┌─ Material supplied

abbreviation cdim :: "'a::complex_hilbert set \<Rightarrow> nat" where
  "cdim \<equiv> vector_space.dim scaleC"

text \<open>A k-linear form is represented as a function on tuples \<open>nat \<Rightarrow> 'a\<close>
that only depends on the entries with index < k.\<close>

definition multilinear_form :: "nat \<Rightarrow> ((nat \<Rightarrow> 'a::complex_hilbert) \<Rightarrow> complex) \<Rightarrow> bool" where
  "multilinear_form k T \<longleftrightarrow>
     (\<forall>w w'. (\<forall>i<k. w i = w' i) \<longrightarrow> T w = T w') \<and>
     (\<forall>i<k. \<forall>w a b x y. T (w(i := scaleC a x + scaleC b y)) = a * T (w(i := x)) + b * T (w(i := y)))"

definition symmetric_form :: "nat \<Rightarrow> ((nat \<Rightarrow> 'a) \<Rightarrow> complex) \<Rightarrow> bool" where
  "symmetric_form k T \<longleftrightarrow> (\<forall>\<sigma> w. \<sigma> permutes {..<k} \<longrightarrow> T (w \<circ> \<sigma>) = T w)"

definition form_norm :: "nat \<Rightarrow> ((nat \<Rightarrow> 'a::real_normed_vector) \<Rightarrow> complex) \<Rightarrow> real" where
  "form_norm k T = Sup {cmod (T w) | w. \<forall>i<k. norm (w i) \<le> 1}"

definition attains_norm_at :: "nat \<Rightarrow> ((nat \<Rightarrow> 'a::real_normed_vector) \<Rightarrow> complex) \<Rightarrow> (nat \<Rightarrow> 'a) \<Rightarrow> bool" where
  "attains_norm_at k T x \<longleftrightarrow> (\<forall>i<k. norm (x i) \<le> 1) \<and> cmod (T x) = form_norm k T"

end

theory Submission
  imports Defs
begin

└─

* **What you are asked to do**:
Only the lines from the first line of the records through the line containing "T \<longleftrightarrow> (\<forall>\<sigma>" should be repeated, exactly as they appear.

* **Result**:
abbreviation cdim :: "'a::complex_hilbert set \<Rightarrow> nat" where
  "cdim \<equiv> vector_space.dim scaleC"

text \<open>A k-linear form is represented as a function on tuples \<open>nat \<Rightarrow> 'a\<close>
that only depends on the entries with index < k.\<close>

definition multilinear_form :: "nat \<Rightarrow> ((nat \<Rightarrow> 'a::complex_hilbert) \<Rightarrow> complex) \<Rightarrow> bool" where
  "multilinear_form k T \<longleftrightarrow>
     (\<forall>w w'. (\<forall>i<k. w i = w' i) \<longrightarrow> T w = T w') \<and>
     (\<forall>i<k. \<forall>w a b x y. T (w(i := scaleC a x + scaleC b y)) = a * T (w(i := x)) + b * T (w(i := y)))"

definition symmetric_form :: "nat \<Rightarrow> ((nat \<Rightarrow> 'a) \<Rightarrow> complex) \<Rightarrow> bool" where
  "symmetric_form k T \<longleftrightarrow> (\<forall>\<sigma> w. \<sigma> permutes {..<k} \<longrightarrow> T (w \<circ> \<sigma>) = T w)"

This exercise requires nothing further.